Records drawn from a dataset =>
▬▬▬
definition universally_simplified :: "nat \<Rightarrow> (nat \<Rightarrow> real) measure \<Rightarrow> bool" where
  "universally_simplified d \<mu> \<longleftrightarrow>
    (\<forall>J L. J \<subseteq> {1..d} \<and> 2 \<le> card J \<and> L \<subseteq> J \<and> 1 \<le> card L \<and> card L + 2 \<le> card J \<longrightarrow>
       (\<exists>K. is_rcd \<mu> J L K) \<and>
       (\<forall>K. is_rcd \<mu> J L K \<longrightarrow>
          \<comment> \<open>(U1)\<close>
          (\<exists>A. is_copula (J - L) A \<and>
             (\<forall>u. (\<forall>j\<in>J. u j \<in> {0..1}) \<longrightarrow>
                marg_copula \<mu> J u =
                (\<integral>t. indicator {t \<in> space (cube_space L). \<forall>j\<in>L. 0 \<le> t j \<and> t j \<le> u j} t
                      * A (\<lambda>j\<in>J - L. cond_df K j (u j) t) \<partial>(marg \<mu> L)))) \<and>
          \<comment> \<open>(U2)\<close>
          (AE t in marg \<mu> L. \<forall>j\<in>J - L. continuous_on UNIV (\<lambda>s. cond_df K j s t))))"

end

theory Submission
  imports Defs
begin

text \<open>The empirical copula is the uniform mixture, over the \<open>n\<close> sample points \<open>i\<close>, of the
  product measures of the uniform distributions on the intervals \<open>I\<^sub>i\<^sup>j\<close> (the cells).
  In a fixed coordinate the intervals of different sample points are disjoint, so a single
  coordinate \<open>l \<in> L\<close> of a point determines almost surely the cell containing it. Hence the
  kernel sending \<open>t\<close> to the product measure over \<open>J - L\<close> of the cell containing \<open>t\<close> is a
  regular conditional distribution: its marginal distribution functions are continuous
  (piecewise linear) and they are coupled by the independence copula, which gives (U1) and (U2).
  Any other version agrees with it almost everywhere on the countably many sets
  \<open>{y\<^sub>j \<le> q}\<close>, \<open>q\<close> rational, hence by monotonicity and continuity in all conditional
  distribution functions.\<close>

section \<open>Finite products of measures\<close>

lemma indicator_PiE_eq_prod:
  fixes x :: "'a \<Rightarrow> 'b"
  assumes "finite I" "x \<in> extensional I"
  shows "indicator (PiE I A) x = (\<Prod>i\<in>I. indicator (A i) (x i) :: 'c :: comm_semiring_1)"
proof (cases "\<forall>i\<in>I. x i \<in> A i")
  case True
  then show ?thesis using assms by (simp add: PiE_iff)
next
  case False
  then obtain i where "i \<in> I" "x i \<notin> A i" by auto
  then have "x \<notin> PiE I A" by (auto simp: PiE_iff)
  moreover have "(\<Prod>i\<in>I. indicator (A i) (x i) :: 'c) = 0"
    using assms(1) \<open>i \<in> I\<close> \<open>x i \<notin> A i\<close> by (intro prod_zero bexI[of _ i]) auto
  ultimately show ?thesis by simp
qed
lemma Ifun_lower_bound:
  fixes u :: "real^'n::finite \<Rightarrow> real" and \<mu> p c :: real
  defines "s \<equiv> crit TYPE('n)" and "S \<equiv> Sob_const TYPE('n)" and "r \<equiv> rstar TYPE('n) \<mu> p"
  assumes s: "2 < p" "p < s" and \<mu>: "\<mu> > 0" and c: "c > 0" and S: "S > 0" and u: "u \<in> Vr \<mu> p c"
  shows "Ifun \<mu> p u \<ge> - (\<mu> / p) * (c + (r\<^sup>2 / S) powr (s / 2)) - 1 / s * (r\<^sup>2 / S) powr (s / 2)"
proof -
  define L where "L = (Lnorm 2 (wlaplace u))\<^sup>2"
  define B where "B = (r\<^sup>2 / S) powr (s / 2)"
  have H2: "u \<in> H2" and mass: "(Lnorm 2 u)\<^sup>2 = c" and small: "L + grad_norm2 u < r\<^sup>2"
    using u unfolding Vr_def Sr_def H2r_def L_def r_def by auto
  have grad: "grad_norm2 u \<ge> 0"
    unfolding grad_norm2_def by (intro sum_nonneg) auto
  have L_le: "(Lnorm 2 (wlaplace u))\<^sup>2 \<le> r\<^sup>2"
    using small grad unfolding L_def by linarith
  have s0: "crit TYPE('n) > 0"
    using s unfolding s_def by simp
  have "Lnorm 2 u \<noteq> 0"
    using mass c by auto
  note crit = Lnorm_crit_powr_le[OF S[unfolded S_def] s0 H2 this L_le, folded s_def S_def, folded B_def]
  have "integrable lborel (\<lambda>x. \<bar>u x\<bar> powr 2)"
    using H2 unfolding H2_def inLp_def by blast
  then have "Lnorm p u powr p \<le> Lnorm 2 u powr 2 + Lnorm s u powr s"
    using s crit(2) by (intro Lnorm_powr_interpolate) auto
  also have "Lnorm 2 u powr 2 = c"
    using mass abs_powr_2[of "Lnorm 2 u"] by (simp add: Lnorm_def)
  finally have "\<mu> / p * Lnorm p u powr p \<le> \<mu> / p * (c + B)"
    using \<mu> s crit(1) by (intro mult_left_mono) auto
  moreover have "1 / s * Lnorm s u powr s \<le> 1 / s * B"
    using crit(1) s by (intro mult_left_mono) auto
  moreover have "Ifun \<mu> p u = 1/2 * L + 1/2 * grad_norm2 u - \<mu> / p * Lnorm p u powr p - 1 / s * Lnorm s u powr s"
    unfolding Ifun_def L_def s_def by simp
  moreover have "L \<ge> 0"
    unfolding L_def by simp
  ultimately show ?thesis
    using grad unfolding B_def by linarith
qed
section \<open>Trial functions of negative energy in \<open>V\<^sub>r(c)\<close>\<close>

lemma exists_small_scale:
  fixes K B \<beta> r :: real
  assumes "0 \<le> K" "0 < B" "0 < \<beta>" "\<beta> < 2" "0 < r"
  obtains t where "0 < t" "t \<le> 1" "K * t\<^sup>2 < r\<^sup>2" "K * t\<^sup>2 < B * t powr \<beta>"
proof -
  have "((\<lambda>t. K * t\<^sup>2) \<longlongrightarrow> K * 0\<^sup>2) (at_right (0::real))"
    by (intro tendsto_intros)
  moreover have "K * 0\<^sup>2 < r\<^sup>2"
    using assms(5) by simp
  ultimately have "\<forall>\<^sub>F t in at_right 0. K * t\<^sup>2 < r\<^sup>2"
    by (rule order_tendstoD(2))
  moreover have "\<forall>\<^sub>F t in at_right (0::real). 0 \<le> t"
    by (simp add: eventually_at_right_field) (use zero_less_one in blast)
  then have "((\<lambda>t. K * t powr (2 - \<beta>)) \<longlongrightarrow> K * 0) (at_right (0::real))"
    using assms(4)
    by (intro tendsto_mult tendsto_const tendsto_zero_powrI[where b="2 - \<beta>"] tendsto_ident_at) simp_all
  then have "\<forall>\<^sub>F t in at_right 0. K * t powr (2 - \<beta>) < B"
    using assms(2) by (intro order_tendstoD(2)) simp_all
  moreover have "\<forall>\<^sub>F t in at_right (0::real). 0 < t \<and> t \<le> 1"
    unfolding eventually_at_right_field by (intro exI[of _ 1]) auto
  ultimately have "\<forall>\<^sub>F t in at_right (0::real). 0 < t \<and> t \<le> 1 \<and> K * t\<^sup>2 < r\<^sup>2 \<and> K * t powr (2 - \<beta>) < B"
    by eventually_elim auto
  then obtain t where t: "0 < t" "t \<le> 1" "K * t\<^sup>2 < r\<^sup>2" "K * t powr (2 - \<beta>) < B"
    using eventually_happens' trivial_limit_at_right_real by blast
  have "K * t\<^sup>2 = K * t powr (2 - \<beta>) * t powr \<beta>"
    using t(1) by (simp add: mult.assoc powr_add[symmetric] powr_numeral)
  also have "\<dots> < B * t powr \<beta>"
    using t by simp
  finally show ?thesis
    using that t by blast
qed
(* Let $p$ be an odd prime, $H\cong\mathbb{Z}_p^3$, and $\mathcal A$ an exceptional S-ring over $H$. Then $|\mathrm{Aut}(\mathcal A)|=p^4$ and $\mathrm{Iso}_1(\mathcal A)=\mathrm{Aut}(H)$.
   Context: $H$ is written additively (identity denoted $1$ in $\mathrm{Iso}_1$ means the zero element). $\mathrm{Cay}(H,S)$ is the digraph on $H$ with arcs $(x,x+s)$, $s\in S$. An S-ring over $H$ is a subalgebra $\mathcal A\subseteq\mathbb{Q}H$ spanned by $\underline{T}=\sum_{t\in T}t$ for $T$ in a partition $\mathrm{Bs}(\mathcal A)$ of $H$ (basic sets) with $\{0\}\in\mathrm{Bs}(\mathcal A)$ and $-T\in\mathrm{Bs}(\mathcal A)$ for all $T$. Two S-rings over groups $H,K$ are Cayley isomorphic if some group isomorphism $H\to K$ maps the basic sets of the first onto the basic sets of the second. $\mathcal A$ is exceptional if it is Cayley isomorphic to the S-ring over $\mathbb{Z}_p^3$ whose basic sets are the orbits of the cyclic group generated by the linear map given by the matrix $\begin{pmatrix}1&1&0\\0&1&1\\0&0&1\end{pmatrix}$. $\mathrm{Aut}(\mathcal A)=\bigcap_{T\in\mathrm{Bs}(\mathcal A)}\mathrm{Aut}(\mathrm{Cay}(H,T))$. $\mathrm{Iso}_1(\mathcal A)$ is the set of bijections $f:H\to H$ fixing $0$ such that $\{\mathrm{Cay}(H,T)^f:T\in\mathrm{Bs}(\mathcal A)\}=\{\mathrm{Cay}(H,S):S\in\mathrm{Bs}(\mathcal B)\}$ for some S-ring $\mathcal B$ over $H$. *)

theory Defs
  imports Main "HOL-Computational_Algebra.Primes"
begin

definition cay :: "'a::ab_group_add set \<Rightarrow> ('a \<times> 'a) set" where
  "cay S = {(x, y). y - x \<in> S}"

text \<open>S-ring over the (finite) group UNIV, given by its set of basic sets Bs.
  Closure of the span under multiplication in QH is written out: the coefficient of z
  in the product of the sums of T1 and T2 is constant on each basic set.\<close>
definition is_Sring :: "'a::ab_group_add set set \<Rightarrow> bool" where
  "is_Sring Bs \<longleftrightarrow> finite (UNIV :: 'a set)
     \<and> (\<forall>T\<in>Bs. T \<noteq> {})
     \<and> (\<forall>T1\<in>Bs. \<forall>T2\<in>Bs. T1 \<noteq> T2 \<longrightarrow> T1 \<inter> T2 = {})
     \<and> \<Union>Bs = UNIV
     \<and> {0} \<in> Bs
     \<and> (\<forall>T\<in>Bs. uminus ` T \<in> Bs)
     \<and> (\<forall>T1\<in>Bs. \<forall>T2\<in>Bs. \<forall>T\<in>Bs. \<forall>z\<in>T. \<forall>z'\<in>T.
          card {(x, y). x \<in> T1 \<and> y \<in> T2 \<and> x + y = z}
        = card {(x, y). x \<in> T1 \<and> y \<in> T2 \<and> x + y = z'})"

definition zp3 :: "nat \<Rightarrow> (nat \<times> nat \<times> nat) set" where
  "zp3 p = {(a, b, c). a < p \<and> b < p \<and> c < p}"

fun add3 :: "nat \<Rightarrow> nat \<times> nat \<times> nat \<Rightarrow> nat \<times> nat \<times> nat \<Rightarrow> nat \<times> nat \<times> nat" where
  "add3 p (a, b, c) (a', b', c') = ((a + a') mod p, (b + b') mod p, (c + c') mod p)"

text \<open>The linear map with matrix ((1,1,0),(0,1,1),(0,0,1)) acting on column vectors.\<close>
fun exc_map :: "nat \<Rightarrow> nat \<times> nat \<times> nat \<Rightarrow> nat \<times> nat \<times> nat" where
  "exc_map p (a, b, c) = ((a + b) mod p, (b + c) mod p, c)"

definition exc_orbit :: "nat \<Rightarrow> nat \<times> nat \<times> nat \<Rightarrow> (nat \<times> nat \<times> nat) set" where
  "exc_orbit p v = {(exc_map p ^^ k) v | k. True}"

text \<open>Exceptional: Cayley isomorphic (via a group isomorphism H \<rightarrow> Z_p^3) to the orbit S-ring.\<close>
definition exceptional :: "nat \<Rightarrow> 'a::ab_group_add set set \<Rightarrow> bool" where
  "exceptional p Bs \<longleftrightarrow> (\<exists>\<phi>. bij_betw \<phi> (UNIV :: 'a set) (zp3 p)
      \<and> (\<forall>x y. \<phi> (x + y) = add3 p (\<phi> x) (\<phi> y))
      \<and> (\<lambda>T. \<phi> ` T) ` Bs = exc_orbit p ` zp3 p)"

definition digraph_aut :: "('a \<times> 'a) set \<Rightarrow> ('a \<Rightarrow> 'a) set" where
  "digraph_aut E = {f. bij f \<and> (\<forall>x y. (x, y) \<in> E \<longleftrightarrow> (f x, f y) \<in> E)}"

definition Aut_Sring :: "'a::ab_group_add set set \<Rightarrow> ('a \<Rightarrow> 'a) set" where
  "Aut_Sring Bs = (\<Inter>T\<in>Bs. digraph_aut (cay T))"

definition Iso1 :: "'a::ab_group_add set set \<Rightarrow> ('a \<Rightarrow> 'a) set" where
  "Iso1 Bs = {f. bij f \<and> f 0 = 0 \<and>
     (\<exists>Bs'. is_Sring Bs' \<and> (\<lambda>T. map_prod f f ` cay T) ` Bs = cay ` Bs')}"

definition group_aut :: "('a::ab_group_add \<Rightarrow> 'a) set" where
  "group_aut = {f. bij f \<and> (\<forall>x y. f (x + y) = f x + f y)}"

end

theory Submission
  imports Defs "HOL.Modules"
begin

text \<open>In the coordinates given by \<open>\<phi>\<close> the basic sets are the orbits of the powers
  \<open>A\<^sup>t = ((1,t,t choose 2),(0,1,t),(0,0,1))\<close>, \<open>t \<in> \<int>/p\<close>, of the matrix \<open>A\<close> of
  \<open>exc_map\<close>. A permutation \<open>g\<close> is an automorphism iff every difference \<open>g y - g x\<close> lies in
  the orbit of \<open>y - x\<close>; testing this against \<open>(0,1,0)\<close> and \<open>(0,0,1)\<close> forces
  \<open>g x = A\<^sup>t x + w\<close>, so \<open>Aut(\<A>)\<close> consists of the \<open>p \<cdot> p\<^sup>3\<close> affine maps with
  linear part a power of \<open>A\<close>. For \<open>f \<in> Iso\<^sub>1(\<A>)\<close> the conjugates
  \<open>x \<mapsto> f\<^sup>-\<^sup>1(f x + h)\<close> of the translations are pairwise commuting automorphisms, and a
  counting argument shows that commuting forces all of them to be translations; this says
  exactly that \<open>f\<close> is additive. Conversely a group automorphism carries \<open>\<A>\<close> onto an
  S-ring.\<close>

definition choose2 :: "int \<Rightarrow> int" where
  "choose2 t = t * (t - 1) div 2"

lemma two_choose2: "2 * choose2 t = t * t - t"
proof -
  have "even (t * (t - 1))" by simp
  then show ?thesis unfolding choose2_def by (simp add: algebra_simps)
qed

lemma choose2_add: "choose2 (s + t) = choose2 s + choose2 t + s * t"
proof -
  have "2 * choose2 (s + t) = 2 * (choose2 s + choose2 t + s * t)"
    unfolding distrib_left two_choose2 by algebra
  then show ?thesis by simp
qed

lemma choose2_0 [simp]: "choose2 0 = 0" and choose2_1 [simp]: "choose2 1 = 0"
  by (simp_all add: choose2_def)

lemma is_SringD:
  fixes Bs :: "'a::ab_group_add set set"
  assumes "is_Sring Bs"
  shows "finite (UNIV :: 'a set)" "\<forall>T\<in>Bs. T \<noteq> {}"
    "\<forall>T1\<in>Bs. \<forall>T2\<in>Bs. T1 \<noteq> T2 \<longrightarrow> T1 \<inter> T2 = {}" "\<Union>Bs = UNIV"
    "{0} \<in> Bs" "\<forall>T\<in>Bs. uminus ` T \<in> Bs"
    "\<forall>T1\<in>Bs. \<forall>T2\<in>Bs. \<forall>T\<in>Bs. \<forall>z\<in>T. \<forall>z'\<in>T.
       card {(x, y). x \<in> T1 \<and> y \<in> T2 \<and> x + y = z}
     = card {(x, y). x \<in> T1 \<and> y \<in> T2 \<and> x + y = z'}"
  by (insert assms[unfolded is_Sring_def], elim conjE, assumption)+

lemma group_aut_additive: "\<sigma> \<in> group_aut \<Longrightarrow> additive \<sigma>"
  unfolding group_aut_def additive_def by simp

lemma cay_image_group_aut:
  assumes "\<sigma> \<in> group_aut"
  shows "map_prod \<sigma> \<sigma> ` cay T = cay (\<sigma> ` T)"
proof
  interpret additive \<sigma> using group_aut_additive[OF assms] .
  have bij: "bij \<sigma>" using assms unfolding group_aut_def by simp
  show "map_prod \<sigma> \<sigma> ` cay T \<subseteq> cay (\<sigma> ` T)" unfolding cay_def by (auto simp: diff[symmetric])
  show "cay (\<sigma> ` T) \<subseteq> map_prod \<sigma> \<sigma> ` cay T"
  proof clarify
    fix u v assume uv: "(u, v) \<in> cay (\<sigma> ` T)"
    obtain x y where xy: "u = \<sigma> x" "v = \<sigma> y" using bij by (metis bij_pointE)
    then have "\<sigma> (y - x) \<in> \<sigma> ` T" using uv unfolding cay_def by (simp add: diff)
    then have "(x, y) \<in> cay T" using bij unfolding cay_def by (simp add: bij_is_inj inj_image_mem_iff)
    then show "(u, v) \<in> map_prod \<sigma> \<sigma> ` cay T" unfolding xy by (rule rev_image_eqI) simp
  qed
qed

lemma sum_pairs_image_group_aut:
  assumes "\<sigma> \<in> group_aut"
  shows "{(x, y). x \<in> \<sigma> ` A \<and> y \<in> \<sigma> ` B \<and> x + y = \<sigma> z}
    = map_prod \<sigma> \<sigma> ` {(x, y). x \<in> A \<and> y \<in> B \<and> x + y = z}"
proof -
  have add: "\<sigma> (x + y) = \<sigma> x + \<sigma> y" and inj: "inj \<sigma>" for x y
    using assms unfolding group_aut_def by (simp_all add: bij_is_inj)
  show ?thesis
    by (auto simp: add[symmetric] inj_eq[OF inj] intro!: rev_image_eqI)
qed

lemma is_Sring_image_group_aut:
  assumes Bs: "is_Sring Bs" and \<sigma>: "\<sigma> \<in> group_aut"
  shows "is_Sring ((`) \<sigma> ` Bs)"
proof -
  interpret additive \<sigma> using group_aut_additive[OF \<sigma>] .
  have bij: "bij \<sigma>" using \<sigma> unfolding group_aut_def by simp
  then have inj: "inj \<sigma>" and surj: "surj \<sigma>" by (simp_all add: bij_is_inj bij_is_surj)
  have card_eq: "card {(x, y). x \<in> \<sigma> ` A \<and> y \<in> \<sigma> ` B \<and> x + y = \<sigma> z}
      = card {(x, y). x \<in> A \<and> y \<in> B \<and> x + y = z}" for A B z
    unfolding sum_pairs_image_group_aut[OF \<sigma>]
    by (rule card_image[OF inj_on_subset[OF prod.inj_map[OF inj inj] subset_UNIV]])
  note S = is_SringD[OF Bs]
  show ?thesis
    unfolding is_Sring_def
  proof (intro conjI ballI impI)
    show "finite (UNIV :: 'a set)" by (rule S(1))
    show "\<Union> ((`) \<sigma> ` Bs) = UNIV" using S(4) surj by (simp add: image_Union[symmetric])
    show "{0} \<in> (`) \<sigma> ` Bs" using S(5) rev_image_eqI[of "{0}" Bs "{0}" "image \<sigma>"] by (simp add: zero)
  next
    fix T assume "T \<in> (`) \<sigma> ` Bs"
    then obtain T0 where T0: "T0 \<in> Bs" "T = \<sigma> ` T0" by blast
    then show "T \<noteq> {}" using S(2) by simp
    have "uminus ` T = \<sigma> ` uminus ` T0" unfolding T0(2) by (auto simp: minus image_image)
    then show "uminus ` T \<in> (`) \<sigma> ` Bs" using S(6) T0(1) by simp
  next
    fix T1 T2 assume "T1 \<in> (`) \<sigma> ` Bs" "T2 \<in> (`) \<sigma> ` Bs" "T1 \<noteq> T2"
    then obtain A B where "A \<in> Bs" "B \<in> Bs" "T1 = \<sigma> ` A" "T2 = \<sigma> ` B" "A \<noteq> B" by blast
    then show "T1 \<inter> T2 = {}" using S(3) by (simp add: image_Int[OF inj, symmetric])
  next
    fix T1 T2 T z z' assume "T1 \<in> (`) \<sigma> ` Bs" "T2 \<in> (`) \<sigma> ` Bs" "T \<in> (`) \<sigma> ` Bs"
      and "z \<in> T" "z' \<in> T"
    then obtain A B C x x' where ABC: "A \<in> Bs" "B \<in> Bs" "C \<in> Bs" "x \<in> C" "x' \<in> C"
      and T12: "T1 = \<sigma> ` A" "T2 = \<sigma> ` B" and zz': "z = \<sigma> x" "z' = \<sigma> x'"
      by blast
    show "card {(x, y). x \<in> T1 \<and> y \<in> T2 \<and> x + y = z}
        = card {(x, y). x \<in> T1 \<and> y \<in> T2 \<and> x + y = z'}"
      unfolding T12 zz' card_eq by (rule S(7)[rule_format, OF ABC])
  qed
qed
▬▬▬
Work task =>
All lines in the data above from the one with "note S = is_SringD[OF Bs]" through the one with "fix T assume" must be repeated exactly, and no others.

Answer space =>
  note S = is_SringD[OF Bs]
  show ?thesis
    unfolding is_Sring_def
  proof (intro conjI ballI impI)
    show "finite (UNIV :: 'a set)" by (rule S(1))
    show "\<Union> ((`) \<sigma> ` Bs) = UNIV" using S(4) surj by (simp add: image_Union[symmetric])
    show "{0} \<in> (`) \<sigma> ` Bs" using S(5) rev_image_eqI[of "{0}" Bs "{0}" "image \<sigma>"] by (simp add: zero)
  next
    fix T assume "T \<in> (`) \<sigma> ` Bs"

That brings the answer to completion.